You are viewing a plain text version of this content. The canonical link for it is here.
Posted to user@flink.apache.org by Andrea Spina <an...@radicalbit.io> on 2019/07/04 06:37:19 UTC

Providing Custom Serializer for Generic Type

Dear community,
in my job, I run with a custom event type *MyClass* which is a sort of
"generic event" that I handle all along my streaming flow both as an event
(DataStream[MyClass]) and as a managed state.

I see that Flink warns me about generic serialization of
*MyClass*
 INFO [run-main-0] (TypeExtractor.java:1818) - class io.radicalbit.MyClass
does not contain a setter for field io$radicalbit$MyClass$$schema
 INFO [run-main-0] (TypeExtractor.java:1857) - Class class
io.radicalbit.MyClass cannot be used as a POJO type because not all fields
are valid POJO fields, and must be processed as GenericType. Please read
the Flink documentation on "Data Types & Serialization" for details of the
effect on performance.
 INFO [run-main-0] (TypeExtractor.java:1818) - class io.radicalbit.MyClass
does not contain a setter for field io$radicalbit$MyClass$schema

So that I wanted to provide my custom serializer for MyClass, trying first
to register the Java one to check if the system recognizes it so I followed
[1] but it seems that it is not considered.

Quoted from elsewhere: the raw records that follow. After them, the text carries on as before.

lemma length_vadd: "length (vadd x y) = min (length x) (length y)"
  by (simp add: vadd_def)

lemma nth_vadd: "i < length x \<Longrightarrow> i < length y \<Longrightarrow> vadd x y ! i = (x ! i \<noteq> y ! i)"
  by (simp add: vadd_def)

lemma vadd_commute: "vadd x y = vadd y x"
  unfolding vadd_def by (subst zip_commute) (auto simp: map_map)

lemma length_dsum: "length (dsum W z) = length W"
  by (simp add: dsum_def)

lemma odd_length_filter_xor:
  "odd (length (filter (\<lambda>i. P i \<noteq> Q i) s)) \<longleftrightarrow>
     odd (length (filter P s)) \<noteq> odd (length (filter Q s))"
  by (induction s) auto

lemma dsum_vadd:
  assumes "length x = n" "length y = n" "\<forall>s\<in>set W. set s \<subseteq> {..<n}"
  shows "dsum W (vadd x y) = vadd (dsum W x) (dsum W y)"
proof (rule nth_equalityI)
  show "length (dsum W (vadd x y)) = length (vadd (dsum W x) (dsum W y))"
    by (simp add: length_dsum length_vadd)
next
  fix j assume "j < length (dsum W (vadd x y))"
  then have j: "j < length W" by (simp add: length_dsum)
  then have "set (W ! j) \<subseteq> {..<n}" using assms(3) by auto
  then have "filter ((!) (vadd x y)) (W ! j) = filter (\<lambda>i. x ! i \<noteq> y ! i) (W ! j)"
    using assms by (intro filter_cong) (auto simp: nth_vadd)
  then show "dsum W (vadd x y) ! j = vadd (dsum W x) (dsum W y) ! j"
    using j odd_length_filter_xor[of "(!) x" "(!) y"] by (simp add: dsum_def nth_vadd length_dsum)
qed

lemma hamming_commute: "hamming m x y = hamming m y x"
  unfolding hamming_def by (rule sum.cong) auto

lemma hamming_triangle: "hamming m x z \<le> hamming m x y + hamming m y z"
  unfolding hamming_def by (simp only: sum.distrib[symmetric], rule sum_mono) auto

lemma hamming_perimeter: "hamming m x y + hamming m y z + hamming m x z \<le> 2 * real m"
proof -
  have "hamming m x y + hamming m y z + hamming m x z \<le> (\<Sum>i<m. 2)"
    unfolding hamming_def by (simp only: sum.distrib[symmetric], rule sum_mono) auto
  then show ?thesis by simp
qed

lemma card_less_filter_eq_sum:
  fixes m :: nat
  shows "real (card {i. i < m \<and> P i}) = (\<Sum>i<m. if P i then 1 else 0)"
proof (induction m)
  case 0
  then show ?case by simp
next
  case (Suc m)
  have "{i. i < Suc m \<and> P i} = (if P m then insert m {i. i < m \<and> P i} else {i. i < m \<and> P i})"
    by (auto simp: less_Suc_eq)
  with Suc show ?case by simp
qed

lemma hdist_eq_hamming: "length x = m \<Longrightarrow> hdist x y = hamming m x y / real m"
  unfolding hdist_def hamming_def using card_less_filter_eq_sum[of m "\<lambda>i. x ! i \<noteq> y ! i"] by simp

lemma sum_sign_products_eq_hamming:
  "(\<Sum>i<m. (if x ! i then -1 else 1) * (if y ! i then -1 else 1 :: real)) = real m - 2 * hamming m x y"
  unfolding hamming_def by (induction m) auto

lemma bias_vadd_eq_hamming:
  assumes "length x = m" "length y = m"
  shows "bias (vadd x y) = \<bar>real m - 2 * hamming m x y\<bar> / real m"
proof -
  have "(\<Sum>i<m. if vadd x y ! i then -1 else 1 :: real)
      = (\<Sum>i<m. (if x ! i then -1 else 1) * (if y ! i then -1 else 1 :: real))"
    using assms by (intro sum.cong) (auto simp: nth_vadd)
  then show ?thesis
    unfolding bias_def using assms by (simp add: length_vadd sum_sign_products_eq_hamming)
qed

lemma bias_le_one: "bias z \<le> 1"
proof -
  have "\<bar>\<Sum>i<length z. if z ! i then -1 else 1 :: real\<bar> \<le> (\<Sum>i<length z. 1)"
    by (rule order_trans[OF sum_abs sum_mono]) auto
  then show ?thesis
    unfolding bias_def by (cases "length z = 0") (auto simp: divide_le_eq_1)
qed

lemma near_iff_hamming:
  assumes "length x = m" "length y = m" "0 < m"
  shows "near zeta x y \<longleftrightarrow> (1 - 2 * zeta) * real m < \<bar>real m - 2 * hamming m x y\<bar>"
  using assms by (simp add: near_def bias_vadd_eq_hamming pos_less_divide_eq)

lemma near_commute: "near zeta x y \<longleftrightarrow> near zeta y x"
  by (simp add: near_def vadd_commute)

lemma near_pos: "near zeta x y \<Longrightarrow> 0 < zeta"
  using bias_le_one[of "vadd x y"] by (simp add: near_def)

lemma near_mono: "near a x y \<Longrightarrow> a \<le> b \<Longrightarrow> near b x y"
  by (simp add: near_def)

text \<open>A close pair has Hamming distance below a or above m - a; the three cases are
  combined with the triangle inequality and the perimeter bound.\<close>
lemma near_trans:
  assumes "length x = m" "length y = m" "length z = m" "0 < m"
    and "near a x y" "near b y z"
  shows "near (a + b) x z"
proof -
  define h1 h2 h3 where "h1 = hamming m x y" and "h2 = hamming m y z" and "h3 = hamming m x z"
  have xy: "h1 < a * m \<or> real m - a * m < h1" and yz: "h2 < b * m \<or> real m - b * m < h2"
    using assms by (auto simp: near_iff_hamming h1_def h2_def abs_if algebra_simps split: if_splits)
  have "h3 \<le> h1 + h2"
    unfolding h1_def h2_def h3_def by (rule hamming_triangle)
  moreover have "h1 \<le> h2 + h3"
    using hamming_triangle[where m = m and x = x and y = z and z = y] hamming_commute[of m y z]
    unfolding h1_def h2_def h3_def by linarith
  moreover have "h2 \<le> h1 + h3"
    using hamming_triangle[where m = m and x = y and y = x and z = z] hamming_commute[of m x y]
    unfolding h1_def h2_def h3_def by linarith
  moreover have "h1 + h2 + h3 \<le> 2 * real m"
    unfolding h1_def h2_def h3_def by (rule hamming_perimeter)
  ultimately have "(1 - 2 * (a + b)) * real m < \<bar>real m - 2 * h3\<bar>"
    using xy yz by (auto simp: abs_if algebra_simps)
  then show ?thesis using assms by (simp add: near_iff_hamming h3_def)
qed

lemma exists_maximal_independent_subset:
  fixes R :: "'a \<Rightarrow> 'a \<Rightarrow> bool"
  assumes "finite A" and sym: "\<And>x y. R x y \<Longrightarrow> R y x"
  shows "\<exists>S\<subseteq>A. (\<forall>x\<in>S. \<forall>y\<in>S. x \<noteq> y \<longrightarrow> \<not> R x y) \<and> (\<forall>x\<in>A. \<exists>s\<in>S. x = s \<or> R x s)"
  using assms(1)
proof (induction A rule: finite_induct)
  case (insert a A)
  then obtain S where S: "S \<subseteq> A" "\<forall>x\<in>S. \<forall>y\<in>S. x \<noteq> y \<longrightarrow> \<not> R x y"
    "\<forall>x\<in>A. \<exists>s\<in>S. x = s \<or> R x s" by blast
  show ?case
  proof (cases "\<exists>s\<in>S. R a s")
    case True
    with S show ?thesis by (intro exI[of _ S]) auto
  next
    case False
    with S sym show ?thesis by (intro exI[of _ "insert a S"]) blast
  qed
qed simp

I read then about [2] (the case is way akin to mine) and AFAIU I need to
implement a custom TypeInformation and TypeSerializer for my class as
suggested in [3] because Flink will ignore my registered serializer as long
as it considers my type as *generic*.

config.registerTypeWithKryoSerializer(classOf[MyClass], classOf[RadicalSerde])


My question finally is: Do I need to provide this custom classes? Is there
any practical example for creating custom information like the above
mentioned? I have had a quick preliminary look at it but seems that I need
to provide a non-trivial amount of information to TypeInformation and
TypeSerializer interfaces.

Thank you for your excellent work and help.

Cheers.

[1] -
https://ci.apache.org/projects/flink/flink-docs-stable/dev/custom_serializers.html
[2] -
http://apache-flink-user-mailing-list-archive.2336050.n4.nabble.com/Custom-Serializer-for-Avro-GenericRecord-td25433.html
[3] -
https://ci.apache.org/projects/flink/flink-docs-release-1.8/dev/types_serialization.html#defining-type-information-using-a-factory
-- 
*Andrea Spina*
Head of R&D @ Radicalbit Srl
Via Giovanni Battista Pirelli 11, 20124, Milano - IT

Re: Providing Custom Serializer for Generic Type

Posted by Andrea Spina <an...@radicalbit.io>.
Hi Gordon, thank you.
The involved data structure is a complex abstraction owning a schema and
values, it declares private fields which should not be edited directly from
users. I'd say it's really akin to an Avro GenericRecord. How would you
approach the problem if you have to serialize/deserialize efficiently an
Avro GenericRecord? I think it cannot be a POJO and ser/de using avro
brings so much overhead described also at [1].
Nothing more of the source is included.